[Stored items]
lemma box_has_integral_V_mult:
  fixes \<phi> D1 D2 E1 E2 :: "real \<times> real \<Rightarrow> real"
  assumes lam: "lam \<noteq> 0" and u3: "u2 \<le> u3" and v3: "v2 \<le> v3"
    and d\<phi>: "\<And>x. (\<phi> has_derivative (\<lambda>h. D1 x * fst h + D2 x * snd h)) (at x)"
    and dD2: "\<And>x. (D2 has_derivative (\<lambda>h. E1 x * fst h + E2 x * snd h)) (at x)"
    and cE1: "continuous_on UNIV E1"
    and \<phi>_top: "\<And>u. \<phi> (u, v3) = 0" and D2_right: "\<And>v. D2 (u3, v) = 0"
  shows "((\<lambda>x. V lam (fst x) (snd x) u2 v2 * (E1 x + fst x * snd x / lam ^ 4 * \<phi> x))
           has_integral \<phi> (u2, v2)) (cbox (u2, v2) (u3, v3))"
proof -
  define a where "a u = (u\<^sup>2 - u2\<^sup>2) / (2 * lam\<^sup>2)" for u
  define b where "b v = (v\<^sup>2 - v2\<^sup>2) / (2 * lam\<^sup>2)" for v
  have da: "(a has_real_derivative u / lam\<^sup>2) (at u)" for u
    unfolding a_def[abs_def] using lam by (auto intro!: derivative_eq_intros simp: field_simps)
  have db: "(b has_real_derivative v / lam\<^sup>2) (at v)" for v
    unfolding b_def[abs_def] using lam by (auto intro!: derivative_eq_intros simp: field_simps)
  define K where "K x = W 0 (a (fst x) * b (snd x))" for x
  define Ku where "Ku x = W 1 (a (fst x) * b (snd x)) * (fst x / lam\<^sup>2) * b (snd x)" for x
  define h1 where "h1 x = Ku x * D2 x + K x * E1 x" for x
  define h2 where "h2 x = Ku x * D2 x - fst x * snd x / lam ^ 4 * K x * \<phi> x" for x
  have cont_\<phi>: "continuous_on UNIV \<phi>" and cont_D2: "continuous_on UNIV D2"
    using has_derivative_continuous[OF d\<phi>] has_derivative_continuous[OF dD2]
    by (auto intro: continuous_at_imp_continuous_on)
  have cont_K: "continuous_on UNIV K" and cont_Ku: "continuous_on UNIV Ku"
    unfolding K_def[abs_def] Ku_def[abs_def] a_def b_def by (intro continuous_intros; use lam in simp)+
  have V_eq: "V lam u v u2 v2 = K (u, v)" for u v
    using lam by (simp add: V_eq_W K_def a_def b_def power4_eq_xxxx power2_eq_square field_simps)
  have "(h1 has_integral integral {v2..v3} (\<lambda>v. K (u3, v) * D2 (u3, v) - K (u2, v) * D2 (u2, v)))
          (cbox (u2, v2) (u3, v3))"
  proof (rule box_has_integral_partial_fst[OF u3])
    show "continuous_on (cbox (u2, v2) (u3, v3)) h1"
      unfolding h1_def[abs_def] using cont_K cont_Ku cont_D2 cE1
      by (intro continuous_intros) (auto intro: continuous_on_subset)
    show "((\<lambda>u. K (u, v) * D2 (u, v)) has_real_derivative h1 (u, v)) (at u)" for u v
      unfolding K_def h1_def Ku_def
      by (auto intro!: derivative_eq_intros da has_real_derivative_partial_fst[OF dD2])
  qed
  moreover have "integral {v2..v3} (\<lambda>v. K (u3, v) * D2 (u3, v) - K (u2, v) * D2 (u2, v))
      = integral {v2..v3} (\<lambda>v. - D2 (u2, v))"
    by (simp add: D2_right K_def a_def W_0_at_0)
  moreover have "\<dots> = \<phi> (u2, v2)"
    using integral_has_real_derivative_eq[OF v3 DERIV_minus[OF has_real_derivative_partial_snd[OF d\<phi>]]]
    by (simp add: \<phi>_top)
  ultimately have int_h1: "(h1 has_integral \<phi> (u2, v2)) (cbox (u2, v2) (u3, v3))"
    by simp
  have "(h2 has_integral integral {u2..u3} (\<lambda>u. Ku (u, v3) * \<phi> (u, v3) - Ku (u, v2) * \<phi> (u, v2)))
          (cbox (u2, v2) (u3, v3))"
  proof (rule box_has_integral_partial_snd[OF v3])
    show "continuous_on (cbox (u2, v2) (u3, v3)) h2"
      unfolding h2_def[abs_def] using cont_K cont_Ku cont_D2 cont_\<phi> lam
      by (intro continuous_intros) (auto intro: continuous_on_subset)
    show "((\<lambda>v. Ku (u, v) * \<phi> (u, v)) has_real_derivative h2 (u, v)) (at v)" for u v
    proof -
      have "((\<lambda>v. u / lam\<^sup>2 * (b v * W 1 (a u * b v)) * \<phi> (u, v)) has_real_derivative
              u / lam\<^sup>2 * (- W 0 (a u * b v) * (v / lam\<^sup>2)) * \<phi> (u, v)
              + D2 (u, v) * (u / lam\<^sup>2 * (b v * W 1 (a u * b v)))) (at v)"
        by (rule DERIV_mult[OF DERIV_cmult[OF has_real_derivative_mult_W1[OF db]]
              has_real_derivative_partial_snd[OF d\<phi>]])
      then show ?thesis
        using lam by (simp add: Ku_def h2_def K_def power4_eq_xxxx power2_eq_square field_simps)
    qed
  qed
  then have int_h2: "(h2 has_integral 0) (cbox (u2, v2) (u3, v3))"
    by (simp add: \<phi>_top Ku_def b_def)
  have "V lam (fst x) (snd x) u2 v2 * (E1 x + fst x * snd x / lam ^ 4 * \<phi> x) = h1 x - h2 x" for x
    by (cases x) (simp add: V_eq h1_def h2_def algebra_simps)
  then show ?thesis
    using has_integral_diff[OF int_h1 int_h2] by simp
qed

_WHAT IS EXPECTED_
Copy, please, exactly the lines that start at the first line of the data and end at the line containing "(\<phi> has_derivative (\<lambda>h.", both kept and no others.

_ANSWER TO THIS TASK_
lemma box_has_integral_V_mult:
  fixes \<phi> D1 D2 E1 E2 :: "real \<times> real \<Rightarrow> real"
  assumes lam: "lam \<noteq> 0" and u3: "u2 \<le> u3" and v3: "v2 \<le> v3"
    and d\<phi>: "\<And>x. (\<phi> has_derivative (\<lambda>h. D1 x * fst h + D2 x * snd h)) (at x)"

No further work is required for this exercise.